Александр Сергеевич Пушкин
Египетские ночи
Глава I
– Quel est cet homme?
– Ha, c'est un bien grand talent, il fait de sa voix tout ce qu'il veut.
– Il devrait bien, madame, s'en faire une culotte.[1]
Чарский был один из коренных жителей Петербурга. Ему не было еще тридцати лет; он не был женат; служба не обременяла его. Покойный дядя его, бывший виц-губернатором в хорошее время, оставил ему порядочное имение. Жизнь его могла быть очень приятна; но он имел несчастие писать и печатать стихи. В журналах звали его поэтом, а в лакейских сочинителем.
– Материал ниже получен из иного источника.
text \<open>Let \<open>E\<close> be the equational theory of \<open>V\<close> and suppose \<open>xtx \<approx> x\<^sup>2tx\<close> is not in \<open>E\<close>.
  Then \<open>x \<approx> x\<^sup>k\<close> holds only for \<open>k = 1\<close> and \<open>1 \<approx> x\<^sup>k\<close> only for \<open>k = 0\<close>, since either
  would yield \<open>xtx \<approx> x\<^sup>2tx\<close> with the help of \<open>x\<^sup>2 \<approx> x\<^sup>3\<close>. Hence the identities of \<open>E\<close>
  preserve the number of occurrences of each letter up to two or more, and the words
  \<open>E\<close>-equal to \<open>xtx\<close> are exactly those of \<open>ata\<^sup>+\<close>. Consequently an identity of \<open>E\<close>
  maps a factor of a word of \<open>ata\<^sup>+\<close> to a factor sitting in the same context, and two
  such factors with matching letter counts are \<open>\<lambda>\<close>-equivalent. Evaluating a word in
  \<open>M\<^sub>\<lambda>(ata\<^sup>+)\<close> amounts to substituting representatives of \<open>\<lambda>\<close>-classes and testing
  whether the result is such a factor, so \<open>M\<^sub>\<lambda>(ata\<^sup>+)\<close> satisfies \<open>E\<close>.\<close>

section \<open>The congruence \<open>\<lambda>\<close>\<close>

lemma tau1_context: "tau1 u v \<Longrightarrow> tau1 (p @ u @ s) (p @ v @ s)"
proof (induction rule: tau1.induct)
  case (tau1_step q a r)
  have "tau1 ((p @ q) @ [a] @ (r @ s)) ((p @ q) @ [a, a] @ (r @ s))" by (rule tau1.tau1_step)
  then show ?case by simp
qed (auto intro: tau1.intros)

lemma tau1_append: "tau1 u v \<Longrightarrow> tau1 u' v' \<Longrightarrow> tau1 (u @ u') (v @ v')"
  using tau1_context[of u v "[]" u'] tau1_context[of u' v' v "[]"] by (auto intro: tau1_trans)

lemma tau1_imp_set_hd_last_eq:
  "tau1 u v \<Longrightarrow> set u = set v \<and> (u = [] \<longleftrightarrow> v = []) \<and> hd u = hd v \<and> last u = last v"
proof (induction rule: tau1.induct)
  case (tau1_step p a s)
  then show ?case by (cases p; cases s rule: rev_cases) auto
qed auto

lemma first_two_adjacent_Nil [simp]: "\<not> first_two_adjacent [] x"
  unfolding first_two_adjacent_def by auto

lemma first_two_adjacent_Cons:
  "first_two_adjacent (y # w) x \<longleftrightarrow> (if y = x then w \<noteq> [] \<and> hd w = x else first_two_adjacent w x)"
proof
  assume "first_two_adjacent (y # w) x"
  then obtain p s where "y # w = p @ [x, x] @ s" "x \<notin> set p"
    unfolding first_two_adjacent_def by blast
  then show "if y = x then w \<noteq> [] \<and> hd w = x else first_two_adjacent w x"
    unfolding first_two_adjacent_def by (cases p) auto
next
  assume "if y = x then w \<noteq> [] \<and> hd w = x else first_two_adjacent w x"
  then show "first_two_adjacent (y # w) x"
    unfolding first_two_adjacent_def
    by (cases "y = x") (force simp: neq_Nil_conv, metis append_Cons set_ConsD)
qed

lemma first_two_adjacent_append:
  "first_two_adjacent (a @ b) x \<longleftrightarrow>
     first_two_adjacent a x \<or>
     (a \<noteq> [] \<and> last a = x \<and> count_list a x = 1 \<and> b \<noteq> [] \<and> hd b = x) \<or>
     (x \<notin> set a \<and> first_two_adjacent b x)"
proof (induction a)
  case (Cons y a)
  then show ?case
    by (cases "y = x"; cases a) (auto simp: first_two_adjacent_Cons count_list_0_iff)
qed simp

lemma lam_iff:
  "lam u v \<longleftrightarrow> tau1 u v \<and> multiple_letters u = multiple_letters v \<and>
     (\<forall>x. first_two_adjacent u x \<longleftrightarrow> first_two_adjacent v x)"
proof -
  have "2 \<le> count_list w x" if "first_two_adjacent w x" for w x
    using that unfolding first_two_adjacent_def by auto
  then show ?thesis
    unfolding lam_def multiple_letters_def by blast
qed

lemma lam_refl: "lam u u"
  unfolding lam_def by (simp add: tau1_refl)

lemma lam_sym: "lam u v \<Longrightarrow> lam v u"
  unfolding lam_iff by (metis tau1_sym)

lemma lam_trans: "lam u v \<Longrightarrow> lam v w \<Longrightarrow> lam u w"
  unfolding lam_iff by (metis tau1_trans)

lemma lam_class_eqI: "lam u v \<Longrightarrow> lam_class u = lam_class v"
  unfolding lam_class_def using lam_sym lam_trans by blast

lemma lam_min_count_eq:
  assumes "lam u v"
  shows "min (count_list u x) 2 = min (count_list v x) 2"
proof -
  have "set u = set v"
    using assms tau1_imp_set_hd_last_eq unfolding lam_def by blast
  then have "count_list u x = 0 \<longleftrightarrow> count_list v x = 0"
    by (simp add: count_list_0_iff)
  moreover have "2 \<le> count_list u x \<longleftrightarrow> 2 \<le> count_list v x"
    using assms unfolding lam_def multiple_letters_def by blast
  ultimately show ?thesis by linarith
qed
Не смотря на великие преимущества, коими пользуются стихотворцы (признаться: кроме права ставить винительный падеж вместо родительного и еще кой-каких, так называемых поэтических вольностей, мы никаких особенных преимуществ за русскими стихотворцами не ведаем) – как бы то ни было, не смотря на всевозможные их преимущества, эти люди подвержены большим невыгодам и неприятностям. Зло самое горькое, самое нестерпимое для стихотворца есть его звание и прозвище, которым он заклеймен и которое никогда от него не отпадает. Публика смотрит на него как на свою собственность; по ее мнению, он рожден для ее пользы и удовольствия. Возвратиться ли он из деревни, первый встречный спрашивает его: не привезли ли вы нам чего-нибудь новинького? Задумается ли он о расстроенных своих делах, о болезни милого ему человека: тотчас пошлая улыбка сопровождает пошлое восклицание: верно что-нибудь сочиняете! Влюбится ли он? – красавица его покупает себе альбом в английском магазине и ждет уж элегии. Придет ли он к человеку, почти с ним незнакомому, поговорить о важном деле: тот уж кличет своего сынка и заставляет читать стихи такого-то; и мальчишка угощает стихотворца его же изуродованными стихами. А это еще цветы ремесла! Каковы же должны быть невзгоды? Чарский признавался, что приветствия, запросы, альбомы и мальчишки так ему надоели, что поминутно принужден он был удерживаться от какой-нибудь грубости.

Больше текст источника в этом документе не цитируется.